Every record that follows must be set down word for word.

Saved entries
========================================
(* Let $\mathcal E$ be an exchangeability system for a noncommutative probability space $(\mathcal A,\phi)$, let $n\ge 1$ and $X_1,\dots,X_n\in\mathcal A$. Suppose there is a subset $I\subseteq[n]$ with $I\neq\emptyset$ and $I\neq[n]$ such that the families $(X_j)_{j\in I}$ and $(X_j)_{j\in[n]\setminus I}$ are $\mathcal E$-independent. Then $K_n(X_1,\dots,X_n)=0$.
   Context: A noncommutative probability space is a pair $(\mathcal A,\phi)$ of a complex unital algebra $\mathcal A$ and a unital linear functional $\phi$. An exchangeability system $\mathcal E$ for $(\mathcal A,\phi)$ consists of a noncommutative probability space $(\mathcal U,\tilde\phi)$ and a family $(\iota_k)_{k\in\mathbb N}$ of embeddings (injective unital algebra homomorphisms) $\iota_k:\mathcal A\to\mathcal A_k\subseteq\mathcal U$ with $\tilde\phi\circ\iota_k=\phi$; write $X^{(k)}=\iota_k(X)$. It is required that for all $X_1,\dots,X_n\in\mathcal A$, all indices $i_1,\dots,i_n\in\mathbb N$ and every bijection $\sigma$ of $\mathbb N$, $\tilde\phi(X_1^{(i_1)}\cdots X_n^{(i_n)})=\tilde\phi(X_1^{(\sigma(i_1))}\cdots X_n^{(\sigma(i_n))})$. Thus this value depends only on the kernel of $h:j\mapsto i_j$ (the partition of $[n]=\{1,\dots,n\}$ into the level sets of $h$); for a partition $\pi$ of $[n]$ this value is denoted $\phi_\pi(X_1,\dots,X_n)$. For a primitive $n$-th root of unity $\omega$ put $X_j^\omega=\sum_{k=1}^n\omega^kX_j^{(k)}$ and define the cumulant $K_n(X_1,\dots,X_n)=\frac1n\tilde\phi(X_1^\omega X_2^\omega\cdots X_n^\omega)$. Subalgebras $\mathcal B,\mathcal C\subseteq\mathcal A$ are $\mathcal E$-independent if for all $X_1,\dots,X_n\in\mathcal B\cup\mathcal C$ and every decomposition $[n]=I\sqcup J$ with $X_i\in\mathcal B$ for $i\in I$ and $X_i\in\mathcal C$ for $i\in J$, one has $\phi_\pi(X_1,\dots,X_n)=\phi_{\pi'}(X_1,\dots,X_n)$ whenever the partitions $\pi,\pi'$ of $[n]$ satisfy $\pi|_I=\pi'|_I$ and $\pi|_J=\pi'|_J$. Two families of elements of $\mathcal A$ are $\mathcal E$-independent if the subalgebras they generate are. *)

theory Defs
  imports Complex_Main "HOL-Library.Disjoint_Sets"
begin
========================================
**Exercise response:**
(* Let $\mathcal E$ be an exchangeability system for a noncommutative probability space $(\mathcal A,\phi)$, let $n\ge 1$ and $X_1,\dots,X_n\in\mathcal A$. Suppose there is a subset $I\subseteq[n]$ with $I\neq\emptyset$ and $I\neq[n]$ such that the families $(X_j)_{j\in I}$ and $(X_j)_{j\in[n]\setminus I}$ are $\mathcal E$-independent. Then $K_n(X_1,\dots,X_n)=0$.
   Context: A noncommutative probability space is a pair $(\mathcal A,\phi)$ of a complex unital algebra $\mathcal A$ and a unital linear functional $\phi$. An exchangeability system $\mathcal E$ for $(\mathcal A,\phi)$ consists of a noncommutative probability space $(\mathcal U,\tilde\phi)$ and a family $(\iota_k)_{k\in\mathbb N}$ of embeddings (injective unital algebra homomorphisms) $\iota_k:\mathcal A\to\mathcal A_k\subseteq\mathcal U$ with $\tilde\phi\circ\iota_k=\phi$; write $X^{(k)}=\iota_k(X)$. It is required that for all $X_1,\dots,X_n\in\mathcal A$, all indices $i_1,\dots,i_n\in\mathbb N$ and every bijection $\sigma$ of $\mathbb N$, $\tilde\phi(X_1^{(i_1)}\cdots X_n^{(i_n)})=\tilde\phi(X_1^{(\sigma(i_1))}\cdots X_n^{(\sigma(i_n))})$. Thus this value depends only on the kernel of $h:j\mapsto i_j$ (the partition of $[n]=\{1,\dots,n\}$ into the level sets of $h$); for a partition $\pi$ of $[n]$ this value is denoted $\phi_\pi(X_1,\dots,X_n)$. For a primitive $n$-th root of unity $\omega$ put $X_j^\omega=\sum_{k=1}^n\omega^kX_j^{(k)}$ and define the cumulant $K_n(X_1,\dots,X_n)=\frac1n\tilde\phi(X_1^\omega X_2^\omega\cdots X_n^\omega)$. Subalgebras $\mathcal B,\mathcal C\subseteq\mathcal A$ are $\mathcal E$-independent if for all $X_1,\dots,X_n\in\mathcal B\cup\mathcal C$ and every decomposition $[n]=I\sqcup J$ with $X_i\in\mathcal B$ for $i\in I$ and $X_i\in\mathcal C$ for $i\in J$, one has $\phi_\pi(X_1,\dots,X_n)=\phi_{\pi'}(X_1,\dots,X_n)$ whenever the partitions $\pi,\pi'$ of $[n]$ satisfy $\pi|_I=\pi'|_I$ and $\pi|_J=\pi'|_J$. Two families of elements of $\mathcal A$ are $\mathcal E$-independent if the subalgebras they generate are. *)

theory Defs
  imports Complex_Main "HOL-Library.Disjoint_Sets"
begin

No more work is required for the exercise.